If convection is a primary transport method in the system, CFD software is probably required. ANSYS is one well-known CFD thermal analysis software supplier and offers CFX, Fluent, Iceboard and Icepak. Flomerics, another well-respected vendor, provides FLOTHERM. CFD programs provide the ability to view and export images of a fluid's speed and direction. This feature helps to clearly illustrate the size and effectiveness of thermal plumes, which are likely to form above hot surfaces in the presence of natural convection.

Optimize the Environment

Reducing the operating temperature of semiconductor devices involves several techniques, many of which add little or no cost to the end module. Some possibilities include reducing the module's or IC's thermal load, reducing thermal impedance in the IC's immediate vicinity or using a continuous low-impedance path from the IC to ambient.

It is also possible to increase the surface area from which the heat exits the module or to use thick copper cladding, if allowable. Another option is to avoid the heating of pc-board traces and connectors. Also, consider the effects of pc-board and module orientation and, if possible, take advantage of thermal capacitance.

No matter which approaches or how many techniques are used, expect surprises. Monitoring the temperature at many points on a pc board or photographing the module and its harness with an infrared camera may reveal unexpected temperatures and misunderstood aspects of the thermal circuit. Finding these surprises provides valuable clues that can lead to a better understanding of the module's thermal behavior and, in the end, a more reliable product.

References

1. The equations used to calculate thermal resistance and impedance are usually found on the data sheet. For a more detailed explanation of the calculations, refer to Freescale's white paper online by searching BASIC THERMWP at www.freescale.com.

2. “Important Questions to Ask When Evaluating Thermal Analysis Software for Electronics,” Stokes Research Institute, www.stokes.ie/pdf/Questionnaire.pdf.

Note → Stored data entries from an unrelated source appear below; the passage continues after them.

lemma card_closing_walks_le:
  assumes fV: "finite V" and Z: "Z \<subseteq> V" and p: "p \<in> walks V E n" and p0: "p 0 \<in> Y"
    and few_sim: "\<forall>u \<in> V. \<forall>v \<in> V. \<forall>w \<in> Y. card {z \<in> Z. E w z \<and> sim (u, v) (z, w)} \<le> s"
  shows "real (card (closing_walks V E Z sim n p)) \<le>
      sqrt (real n * real s * (\<Sum>z\<in>{z \<in> Z. E (p 0) z}. real (card (walks_between V E (n - 1) (p n) z))^2))"
proof (rule real_le_rsqrt)
  let ?S = "sim_neighbours E Z sim n p"
  let ?w = "\<lambda>z. real (card (walks_between V E (n - 1) (p n) z))"
  have fZ: "finite Z" using finite_subset[OF Z fV] .
  have "(real (card (closing_walks V E Z sim n p)))^2 = (\<Sum>z\<in>?S. ?w z)^2"
    using card_closing_walks[OF fV Z] by simp
  also have "\<dots> \<le> (\<Sum>z\<in>?S. (?w z)^2) * card ?S"
    by (rule sum_squared_le_sum_of_squares)
  also have "\<dots> \<le> (\<Sum>z\<in>{z \<in> Z. E (p 0) z}. (?w z)^2) * (real n * real s)"
  proof (rule mult_mono)
    show "(\<Sum>z\<in>?S. (?w z)^2) \<le> (\<Sum>z\<in>{z \<in> Z. E (p 0) z}. (?w z)^2)"
      by (rule sum_mono2) (use fZ in \<open>auto simp: sim_neighbours_def\<close>)
    show "real (card ?S) \<le> real n * real s"
      using card_sim_neighbours_le[OF fZ p p0 few_sim] by (metis of_nat_le_iff of_nat_mult)
  qed (auto intro: sum_nonneg)
  finally show "(real (card (closing_walks V E Z sim n p)))^2 \<le>
      real n * real s * (\<Sum>z\<in>{z \<in> Z. E (p 0) z}. (?w z)^2)" by (simp add: mult_ac)
qed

Selecting Thermal Analysis Software

Designers must carefully evaluate what a particular thermal analysis software program can and cannot do. These are some of the best uses:

• Provide tradeoff assessments before any hardware is built
• Uncover poorly understood thermal phenomena
• Speed development
• Assess test conditions that are difficult to create
• Accurately simulate behavior of simple structures
• Provide a means to estimate a system's response to power transients.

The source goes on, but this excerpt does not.